Provided entries =
lemma strongly_convex_on_add_affine:
  assumes not_minf: "\<And>x. F x \<noteq> -\<infinity>" and sc: "strongly_convex_on S N \<mu> F"
  shows "strongly_convex_on S N \<mu> (\<lambda>x. F x + ereal (c + inner a x))"
  unfolding strongly_convex_on_def
proof (intro ballI allI impI)
  fix x y and t :: real
  assume x: "x \<in> S" and y: "y \<in> S" and t: "0 < t \<and> t < 1"
  define z where "z = t *\<^sub>R x + (1 - t) *\<^sub>R y"
  define q where "q = \<mu> / 2 * t * (1 - t) * (N (x - y))\<^sup>2"
  have affine: "c + inner a z = t * (c + inner a x) + (1 - t) * (c + inner a y)"
    unfolding z_def by (simp add: inner_add_right algebra_simps)
  have "F z \<le> ereal t * F x + ereal (1 - t) * F y - ereal q"
    using sc x y t unfolding strongly_convex_on_def z_def q_def by blast
  then show "F z + ereal (c + inner a z)
      \<le> ereal t * (F x + ereal (c + inner a x)) + ereal (1 - t) * (F y + ereal (c + inner a y))
        - ereal q"
    using not_minf[of x] not_minf[of y] not_minf[of z] t unfolding affine
    by (cases "F x"; cases "F y"; cases "F z") (auto simp: algebra_simps)
qed

lemma conj_le_of_affine_minorant:
  assumes "\<And>x. ereal (c + inner s x) \<le> F x"
  shows "conj F s \<le> ereal (- c)"
  unfolding conj_def
proof (rule SUP_least)
  fix x
  show "ereal (inner s x) - F x \<le> ereal (- c)"
    using assms[of x] by (cases "F x") auto
qed

lemma conj_uminus_le_minus_Inf:
  assumes "\<And>x. H x \<noteq> -\<infinity>"
  shows "conj H (- s) \<le> ereal c - (INF x. H x + ereal (c + inner s x))"
  unfolding conj_def
proof (rule SUP_least)
  fix y
  have "ereal (inner (- s) y) - H y = ereal c - (H y + ereal (c + inner s y))"
    using assms[of y] by (cases "H y") auto
  also have "\<dots> \<le> ereal c - (INF x. H x + ereal (c + inner s x))"
    by (intro ereal_minus_mono order_refl INF_lower) simp
  finally show "ereal (inner (- s) y) - H y \<le> ereal c - (INF x. H x + ereal (c + inner s x))" .
qed

lemma psi_alpha_le_minus_Inf:
  assumes "\<And>x. h_alpha h w \<alpha> x \<noteq> -\<infinity>" "\<And>x. c + inner s x \<le> f x"
  shows "psi_alpha f h w \<alpha> s \<le> - (INF x. h_alpha h w \<alpha> x + ereal (c + inner s x))"
proof -
  let ?m = "INF x. h_alpha h w \<alpha> x + ereal (c + inner s x)"
  have "psi_alpha f h w \<alpha> s \<le> (ereal c - ?m) + ereal (- c)"
    unfolding psi_alpha_def
    using assms by (intro add_mono conj_uminus_le_minus_Inf conj_le_of_affine_minorant) auto
  also have "\<dots> = - ?m"
    by (cases ?m) auto
  finally show ?thesis .
qed
(* Let $G$ be a connected finite simple undirected graph with vertex set $V_G$ (with $|V_G|\ge 2$) and maximum degree $d_G$. Let $W:V_G\to\mathbb{R}$ be a potential, let $\psi$ be the ground state of $H_{G,W}$ (chosen with $\psi(x)>0$ for all $x$), and let $\gamma$ be the gap between the smallest and second-smallest eigenvalues of $H_{G,W}$. If $\psi$ is single-peaked, then $$\gamma\ge\frac{1}{2(|W|+d_G)|V_G|^2},\qquad\text{where } |W|=\max_{x\in V_G}W(x)-\min_{x\in V_G}W(x).$$
   Context: For a finite simple undirected graph $G$ with vertex set $V_G$, let $\mathcal{H}_G$ be the complex Hilbert space with orthonormal basis $\{|x\rangle : x\in V_G\}$. The graph Laplacian is $L_G=\sum_{x} d_x |x\rangle\langle x| - \sum_{x\sim y}|x\rangle\langle y|$, where $d_x$ is the degree of $x$ and the second sum runs over ordered pairs of adjacent vertices. For a potential $W:V_G\to\mathbb{R}$, $H_{G,W}=L_G+\sum_{x} W(x)|x\rangle\langle x|$. By the Perron–Frobenius theorem, for connected $G$ the ground state of $H_{G,W}$ is nondegenerate and can be written $\sum_x\psi(x)|x\rangle$ with $\psi(x)>0$ for all $x$. The function $\psi$ has a local maximum at $x$ if $\psi(x)\ge\psi(y)$ for every neighbor $y$ of $x$. The ground state $\psi$ is called single-peaked if the set of local maxima of $\psi$ forms a connected set of vertices in $G$ (i.e. induces a connected subgraph). *)

theory Defs
  imports Complex_Main
begin

definition simple_graph :: "'a set \<Rightarrow> ('a \<Rightarrow> 'a \<Rightarrow> bool) \<Rightarrow> bool" where
  "simple_graph V E \<longleftrightarrow> finite V \<and> (\<forall>x y. E x y \<longrightarrow> x \<in> V \<and> y \<in> V)
     \<and> (\<forall>x y. E x y \<longrightarrow> E y x) \<and> (\<forall>x. \<not> E x x)"

definition induces_connected :: "('a \<Rightarrow> 'a \<Rightarrow> bool) \<Rightarrow> 'a set \<Rightarrow> bool" where
  "induces_connected E S \<longleftrightarrow>
     (\<forall>x\<in>S. \<forall>y\<in>S. (\<lambda>u v. u \<in> S \<and> v \<in> S \<and> E u v)\<^sup>*\<^sup>* x y)"

definition graph_connected :: "'a set \<Rightarrow> ('a \<Rightarrow> 'a \<Rightarrow> bool) \<Rightarrow> bool" where
  "graph_connected V E \<longleftrightarrow> induces_connected E V"

definition degree :: "'a set \<Rightarrow> ('a \<Rightarrow> 'a \<Rightarrow> bool) \<Rightarrow> 'a \<Rightarrow> nat" where
  "degree V E x = card {y \<in> V. E x y}"

definition max_degree :: "'a set \<Rightarrow> ('a \<Rightarrow> 'a \<Rightarrow> bool) \<Rightarrow> nat" where
  "max_degree V E = Max (degree V E ` V)"

text \<open>Matrix entries of H_{G,W} = L_G + W in the basis |x>, x in V.\<close>
definition hamiltonian :: "'a set \<Rightarrow> ('a \<Rightarrow> 'a \<Rightarrow> bool) \<Rightarrow> ('a \<Rightarrow> real) \<Rightarrow> 'a \<Rightarrow> 'a \<Rightarrow> real" where
  "hamiltonian V E W x y =
     (if x = y then real (degree V E x) + W x else 0) - (if E x y then 1 else 0)"
(* Fix a client $k\in[N]$, real numbers $\lambda^{(1)}_u,\lambda^{(2)}_u$ ($u\in\mathcal U_g$) and $\mu^{(1)}_{k,u},\mu^{(2)}_{k,u}$ ($u\in\mathcal U_{l,k}$), and for $a\in\mathcal A$ set $$\mathbf M^{\lambda,\mu}(a,k)=\mathbf I-\frac{1}{p_{a,k}}\Big[\sum_{u\in\mathcal U_g}(\lambda^{(1)}_u-\lambda^{(2)}_u)\mathbf D^{a,k}_u-\sum_{u\in\mathcal U_{l,k}}(\mu^{(1)}_{k,u}-\mu^{(2)}_{k,u})\mathbf D^{a,k}_u\Big],$$ and $\overline{\mathbf M}^{\lambda,\mu}(a,k)=\mathbf M^{\lambda,\mu}(a,k)+\kappa\mathbf 1_{m\times m}$, where the constant $\kappa$ is chosen so that all entries of $\overline{\mathbf M}^{\lambda,\mu}(a,k)$ are strictly positive for every $a\in\mathcal A$. For a scoring function $\mathbf s:\mathcal X\to\mathbb R^m$ define the personalized cost-sensitive loss $$\ell_k(y,\mathbf s(x),a)=-\sum_{i=1}^m\overline{\mathbf M}^{\lambda,\mu}_{y,i}(a,k)\log\frac{\exp([\mathbf s(x)]_i)}{\sum_{j=1}^m\exp([\mathbf s(x)]_j)}.$$ Let $\mathbf s_k^*$ be a scoring function minimizing the expected loss $\mathbb E[\ell_k(Y,\mathbf s(X),A)\mid K=k]$ over the local data distribution $\mathbb P(X,A,Y\mid K=k)$. Then the classifier $h_k^*(x)=e_y$, $y\in\arg\max_{j\in[m]}[\mathbf s_k^*(x)]_j$, coincides with the classifier $x\mapsto e_y$, $y\in\arg\max_{j\in[m]}\big(\sum_{a\in\mathcal A}\mathbb P(A=a\mid X=x,K=k)[\mathbf M^{\lambda,\mu}(a,k)]^\top\eta(x,a,k)\big)_j$; precisely, for ($\mathbb P(X\mid K=k)$-almost) every $x$, $$\arg\max_{j\in[m]}[\mathbf s_k^*(x)]_j\subseteq\arg\max_{j\in[m]}\Big(\sum_{a\in\mathcal A}\mathbb P(A=a\mid X=x,K=k)\,[\mathbf M^{\lambda,\mu}(a,k)]^\top\eta(x,a,k)\Big)_j.$$
   Context: Let $(X,A,Y,K)$ be a random tuple with $X\in\mathcal X\subseteq\mathbb R^d$, sensitive attribute $A$ in a finite set $\mathcal A$, label $Y\in[m]$ and client index $K\in[N]$; $p_{a,k}=\mathbb P(A=a,K=k)>0$. The Bayes score is $\eta(x,a,k)\in\Delta_m$ with $\eta_y(x,a,k)=\mathbb P(Y=y\mid X=x,A=a,K=k)$, $\Delta_m$ being the probability simplex in $\mathbb R^m$ and $e_y$ the $y$-th standard basis vector. $\mathcal U_g$ and $\mathcal U_{l,k}$ are finite index sets and $\mathbf D^{a,k}_u$ ($a\in\mathcal A$, $u\in\mathcal U_g\cup\mathcal U_{l,k}$) are fixed real $m\times m$ matrices. $\mathbf I$ is the $m\times m$ identity and $\mathbf 1_{m\times m}$ the all-ones matrix. Minimization is over measurable $\mathbf s:\mathcal X\to\mathbb R^m$. *)

theory Defs
  imports "HOL-Probability.Probability"
begin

Your task = Restate the listing exactly, starting at its first line and ending at the line where "inner a x) +" occurs; include both and no other lines.

Answer section =
lemma strongly_convex_on_add_affine:
  assumes not_minf: "\<And>x. F x \<noteq> -\<infinity>" and sc: "strongly_convex_on S N \<mu> F"
  shows "strongly_convex_on S N \<mu> (\<lambda>x. F x + ereal (c + inner a x))"
  unfolding strongly_convex_on_def
proof (intro ballI allI impI)
  fix x y and t :: real
  assume x: "x \<in> S" and y: "y \<in> S" and t: "0 < t \<and> t < 1"
  define z where "z = t *\<^sub>R x + (1 - t) *\<^sub>R y"
  define q where "q = \<mu> / 2 * t * (1 - t) * (N (x - y))\<^sup>2"
  have affine: "c + inner a z = t * (c + inner a x) + (1 - t) * (c + inner a y)"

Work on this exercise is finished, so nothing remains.